• **Exercise details**
You are to retype all of the data exactly as it appears.

• **Entries supplied**
BEGIN
(* For all states $s, s'$: if $s$ is consistent and $s \rightsquigarrow s'$, then $s'$ is consistent.
   Context: Findel execution model. Addresses, times, identifiers and amounts are natural numbers; address $0$ is the default address. Currencies form the finite set $\{\mathtt{USD},\mathtt{EUR},\mathtt{GBP},\mathtt{JPY},\mathtt{CNY},\mathtt{SGD},\mathtt{NONE}\}$. Primitives are the terms generated by: $\mathtt{Zero}$; $\mathtt{One}(cur)$; $\mathtt{Scale}(m,P)$ with $m\in\mathbb N$; $\mathtt{ScaleObs}(a,P)$ with $a$ an address; $\mathtt{Give}(P)$; $\mathtt{And}(P_1,P_2)$; $\mathtt{Or}(P_1,P_2)$; $\mathtt{If}(a,P_1,P_2)$; $\mathtt{Timebound}(t_0,t_1,P)$ with $t_0,t_1\in\mathbb N$. A transaction is a tuple $(\mathit{id},\mathit{ctr\_id},\mathit{from},\mathit{to},\mathit{amount},\mathit{currency},\mathit{timestamp})$. A contract $c$ is a record with fields $id(c)$, $dsc(c)$ (a description id), $prim(c)$ (a primitive), $issuer(c)$, $owner(c)$, $po(c)$ (proposed owner), $sc(c)\in\mathbb N$ (scale). A description $d$ has fields $id(d)$, $prim(d)$, $sc(d)$, $vfrom(d)$, $vuntil(d)$. A gateway list is a list of (address, value, timestamp) triples, and $\mathrm{query}(G,a,\tau)\in\mathbb N\cup\{\mathrm{None}\}$ is a fixed function. A balance maps (address, currency) pairs to integers. The function $\mathrm{execute}(P,k,I,O,B,\tau,G,cid,did,n,L)$ returns either $\mathrm{None}$ or a result $(B',C',n',L')$ (new balance, list of generated contracts, next fresh id, ledger); it is defined by recursion on $P$: - $\mathtt{Zero}$: $(B,[\,],n,L)$. - $\mathtt{One}(cur)$: $(B_1,[\,],n+1,(n,cid,I,O,k,cur,\tau)::L)$ where $B_1$ is $B$ with $B(I,cur)$ decreased by $k$ and then $B(O,cur)$ increased by $k$. - $\mathtt{Scale}(m,P')$: $\mathrm{execute}(P',k\cdot m,I,O,B,\tau,G,cid,did,n,L)$. - $\mathtt{ScaleObs}(a,P')$: $\mathrm{None}$ if $\mathrm{query}(G,a,\tau)=\mathrm{None}$; if it equals $r$, $\mathrm{execute}(P',k\cdot r,I,O,\dots)$ with the other arguments unchanged. - $\mathtt{Give}(P')$: $\mathrm{execute}(P',k,O,I,B,\tau,G,cid,did,n,L)$ (issuer and owner swapped). - $\mathtt{And}(P_1,P_2)$: execute $P_1$; if $\mathrm{None}$, return $\mathrm{None}$; if $(B_1,C_1,n_1,L_1)$, execute $P_2$ with balance $B_1$, fresh id $n_1$, ledger $L_1$ (other arguments unchanged); if $\mathrm{None}$ return $\mathrm{None}$, if $(B_2,C_2,n_2,L_2)$ return $(B_2,C_1{+\!\!+}C_2,n_2,L_2)$. - $\mathtt{If}(a,P_1,P_2)$: $\mathrm{None}$ if the query of $a$ is $\mathrm{None}$; if the value is $0$ execute $P_2$, otherwise execute $P_1$ (same arguments). - $\mathtt{Timebound}(t_0,t_1,P')$: if $t_1<\tau$ return $\mathrm{None}$; else if $t_0<\tau$ execute $P'$ with the same arguments; else return $(B,[c'],n+2,L)$ where $c'$ has id $n+1$, description id $did$, primitive $\mathtt{Timebound}(t_0,t_1,P')$, issuer $I$, owner $O$, proposed owner $O$, scale $k$. - $\mathtt{Or}(P_1,P_2)$: return $(B,[c'],n+2,L)$ where $c'$ has id $n+1$, description id $did$, primitive $\mathtt{Or}(P_1,P_2)$, issuer $I$, owner $O$, proposed owner $O$, scale $k$. A state $s$ consists of a list of contracts $\mathcal C(s)$, a list of descriptions $\mathcal D(s)$, a balance $\mathcal B(s)$, a time $time(s)$, a gateway list $\mathcal G(s)$, a fresh id $fresh(s)$, a ledger (list of transactions) $\mathcal L(s)$, and a list of events $\mathtt E(s)$, events being $\mathtt{IssuedFor}(O,i)$, $\mathtt{Executed}(i)$, $\mathtt{Deleted}(i)$. The step relation $s\curvearrowright s'$ holds iff one of the following applies: [Issue] for some $d\in\mathcal D(s)$ and addresses $I,O$: $s'$ equals $s$ except $\mathcal C(s')=c::\mathcal C(s)$ with $c=(id=fresh(s),dsc=id(d),prim=prim(d),issuer=I,owner=I,po=O,sc=sc(d))$, $fresh(s')=fresh(s)+1$, $\mathtt E(s')=\mathtt{IssuedFor}(O,fresh(s))::\mathtt E(s)$. For the remaining execution rules, take $c\in\mathcal C(s)$ and an address $O$ (the joiner) with (A) $po(c)=O$ or $po(c)=0$, and (C) some $d\in\mathcal D(s)$ with $id(d)=dsc(c)$ and $vfrom(d)\le time(s)\le vuntil(d)$; write $X(Q)=\mathrm{execute}(Q,sc(c),issuer(c),O,\mathcal B(s),time(s),\mathcal G(s),id(c),dsc(c),fresh(s),\mathcal L(s))$. [Join] $prim(c)$ is not of the form $\mathtt{Or}(\_,\_)$ and $X(prim(c))=(B',C',n',L')$: $s'$ has contracts $\mathcal C(s)$ with $c$ removed, followed by $C'$; balance $B'$; fresh id $n'$; ledger $L'$; events $\mathtt{Executed}(id(c))::\mathtt E(s)$; other components unchanged. [Join Or] $prim(c)=\mathtt{Or}(P_1,P_2)$ and for some $Q\in\{P_1,P_2\}$, $X(Q)=(B',C',n',L')$: same update as [Join]. [Fail] $X(Q)=\mathrm{None}$, where $Q=prim(c)$ if $prim(c)$ is not an $\mathtt{Or}$, and $Q\in\{P_1,P_2\}$ if $prim(c)=\mathtt{Or}(P_1,P_2)$: $s'$ equals $s$ except $c$ is removed from the contracts and $\mathtt E(s')=\mathtt{Deleted}(id(c))::\mathtt E(s)$. [Tick] $s'$ equals $s$ except $time(s')=time(s)+1$. $\rightsquigarrow$ is the reflexive–transitive closure of $\curvearrowright$. A state $s$ is consistent if: (1) $fresh(s)>id(c)$ for all $c\in\mathcal C(s)$; (2) $fresh(s)>i$ whenever $\mathtt{Executed}(i)\in\mathtt E(s)$ or $\mathtt{Deleted}(i)\in\mathtt E(s)$; (3) for all $c\in\mathcal C(s)$, $\mathtt{Executed}(id(c))\notin\mathtt E(s)$ and $\mathtt{Deleted}(id(c))\notin\mathtt E(s)$; (4) for no $i$ are both $\mathtt{Executed}(i)$ and $\mathtt{Deleted}(i)$ in $\mathtt E(s)$. *)

theory Defs
  imports Main
begin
END
• **Expected answer**
(* For all states $s, s'$: if $s$ is consistent and $s \rightsquigarrow s'$, then $s'$ is consistent.
   Context: Findel execution model. Addresses, times, identifiers and amounts are natural numbers; address $0$ is the default address. Currencies form the finite set $\{\mathtt{USD},\mathtt{EUR},\mathtt{GBP},\mathtt{JPY},\mathtt{CNY},\mathtt{SGD},\mathtt{NONE}\}$. Primitives are the terms generated by: $\mathtt{Zero}$; $\mathtt{One}(cur)$; $\mathtt{Scale}(m,P)$ with $m\in\mathbb N$; $\mathtt{ScaleObs}(a,P)$ with $a$ an address; $\mathtt{Give}(P)$; $\mathtt{And}(P_1,P_2)$; $\mathtt{Or}(P_1,P_2)$; $\mathtt{If}(a,P_1,P_2)$; $\mathtt{Timebound}(t_0,t_1,P)$ with $t_0,t_1\in\mathbb N$. A transaction is a tuple $(\mathit{id},\mathit{ctr\_id},\mathit{from},\mathit{to},\mathit{amount},\mathit{currency},\mathit{timestamp})$. A contract $c$ is a record with fields $id(c)$, $dsc(c)$ (a description id), $prim(c)$ (a primitive), $issuer(c)$, $owner(c)$, $po(c)$ (proposed owner), $sc(c)\in\mathbb N$ (scale). A description $d$ has fields $id(d)$, $prim(d)$, $sc(d)$, $vfrom(d)$, $vuntil(d)$. A gateway list is a list of (address, value, timestamp) triples, and $\mathrm{query}(G,a,\tau)\in\mathbb N\cup\{\mathrm{None}\}$ is a fixed function. A balance maps (address, currency) pairs to integers. The function $\mathrm{execute}(P,k,I,O,B,\tau,G,cid,did,n,L)$ returns either $\mathrm{None}$ or a result $(B',C',n',L')$ (new balance, list of generated contracts, next fresh id, ledger); it is defined by recursion on $P$: - $\mathtt{Zero}$: $(B,[\,],n,L)$. - $\mathtt{One}(cur)$: $(B_1,[\,],n+1,(n,cid,I,O,k,cur,\tau)::L)$ where $B_1$ is $B$ with $B(I,cur)$ decreased by $k$ and then $B(O,cur)$ increased by $k$. - $\mathtt{Scale}(m,P')$: $\mathrm{execute}(P',k\cdot m,I,O,B,\tau,G,cid,did,n,L)$. - $\mathtt{ScaleObs}(a,P')$: $\mathrm{None}$ if $\mathrm{query}(G,a,\tau)=\mathrm{None}$; if it equals $r$, $\mathrm{execute}(P',k\cdot r,I,O,\dots)$ with the other arguments unchanged. - $\mathtt{Give}(P')$: $\mathrm{execute}(P',k,O,I,B,\tau,G,cid,did,n,L)$ (issuer and owner swapped). - $\mathtt{And}(P_1,P_2)$: execute $P_1$; if $\mathrm{None}$, return $\mathrm{None}$; if $(B_1,C_1,n_1,L_1)$, execute $P_2$ with balance $B_1$, fresh id $n_1$, ledger $L_1$ (other arguments unchanged); if $\mathrm{None}$ return $\mathrm{None}$, if $(B_2,C_2,n_2,L_2)$ return $(B_2,C_1{+\!\!+}C_2,n_2,L_2)$. - $\mathtt{If}(a,P_1,P_2)$: $\mathrm{None}$ if the query of $a$ is $\mathrm{None}$; if the value is $0$ execute $P_2$, otherwise execute $P_1$ (same arguments). - $\mathtt{Timebound}(t_0,t_1,P')$: if $t_1<\tau$ return $\mathrm{None}$; else if $t_0<\tau$ execute $P'$ with the same arguments; else return $(B,[c'],n+2,L)$ where $c'$ has id $n+1$, description id $did$, primitive $\mathtt{Timebound}(t_0,t_1,P')$, issuer $I$, owner $O$, proposed owner $O$, scale $k$. - $\mathtt{Or}(P_1,P_2)$: return $(B,[c'],n+2,L)$ where $c'$ has id $n+1$, description id $did$, primitive $\mathtt{Or}(P_1,P_2)$, issuer $I$, owner $O$, proposed owner $O$, scale $k$. A state $s$ consists of a list of contracts $\mathcal C(s)$, a list of descriptions $\mathcal D(s)$, a balance $\mathcal B(s)$, a time $time(s)$, a gateway list $\mathcal G(s)$, a fresh id $fresh(s)$, a ledger (list of transactions) $\mathcal L(s)$, and a list of events $\mathtt E(s)$, events being $\mathtt{IssuedFor}(O,i)$, $\mathtt{Executed}(i)$, $\mathtt{Deleted}(i)$. The step relation $s\curvearrowright s'$ holds iff one of the following applies: [Issue] for some $d\in\mathcal D(s)$ and addresses $I,O$: $s'$ equals $s$ except $\mathcal C(s')=c::\mathcal C(s)$ with $c=(id=fresh(s),dsc=id(d),prim=prim(d),issuer=I,owner=I,po=O,sc=sc(d))$, $fresh(s')=fresh(s)+1$, $\mathtt E(s')=\mathtt{IssuedFor}(O,fresh(s))::\mathtt E(s)$. For the remaining execution rules, take $c\in\mathcal C(s)$ and an address $O$ (the joiner) with (A) $po(c)=O$ or $po(c)=0$, and (C) some $d\in\mathcal D(s)$ with $id(d)=dsc(c)$ and $vfrom(d)\le time(s)\le vuntil(d)$; write $X(Q)=\mathrm{execute}(Q,sc(c),issuer(c),O,\mathcal B(s),time(s),\mathcal G(s),id(c),dsc(c),fresh(s),\mathcal L(s))$. [Join] $prim(c)$ is not of the form $\mathtt{Or}(\_,\_)$ and $X(prim(c))=(B',C',n',L')$: $s'$ has contracts $\mathcal C(s)$ with $c$ removed, followed by $C'$; balance $B'$; fresh id $n'$; ledger $L'$; events $\mathtt{Executed}(id(c))::\mathtt E(s)$; other components unchanged. [Join Or] $prim(c)=\mathtt{Or}(P_1,P_2)$ and for some $Q\in\{P_1,P_2\}$, $X(Q)=(B',C',n',L')$: same update as [Join]. [Fail] $X(Q)=\mathrm{None}$, where $Q=prim(c)$ if $prim(c)$ is not an $\mathtt{Or}$, and $Q\in\{P_1,P_2\}$ if $prim(c)=\mathtt{Or}(P_1,P_2)$: $s'$ equals $s$ except $c$ is removed from the contracts and $\mathtt E(s')=\mathtt{Deleted}(id(c))::\mathtt E(s)$. [Tick] $s'$ equals $s$ except $time(s')=time(s)+1$. $\rightsquigarrow$ is the reflexive–transitive closure of $\curvearrowright$. A state $s$ is consistent if: (1) $fresh(s)>id(c)$ for all $c\in\mathcal C(s)$; (2) $fresh(s)>i$ whenever $\mathtt{Executed}(i)\in\mathtt E(s)$ or $\mathtt{Deleted}(i)\in\mathtt E(s)$; (3) for all $c\in\mathcal C(s)$, $\mathtt{Executed}(id(c))\notin\mathtt E(s)$ and $\mathtt{Deleted}(id(c))\notin\mathtt E(s)$; (4) for no $i$ are both $\mathtt{Executed}(i)$ and $\mathtt{Deleted}(i)$ in $\mathtt E(s)$. *)

theory Defs
  imports Main
begin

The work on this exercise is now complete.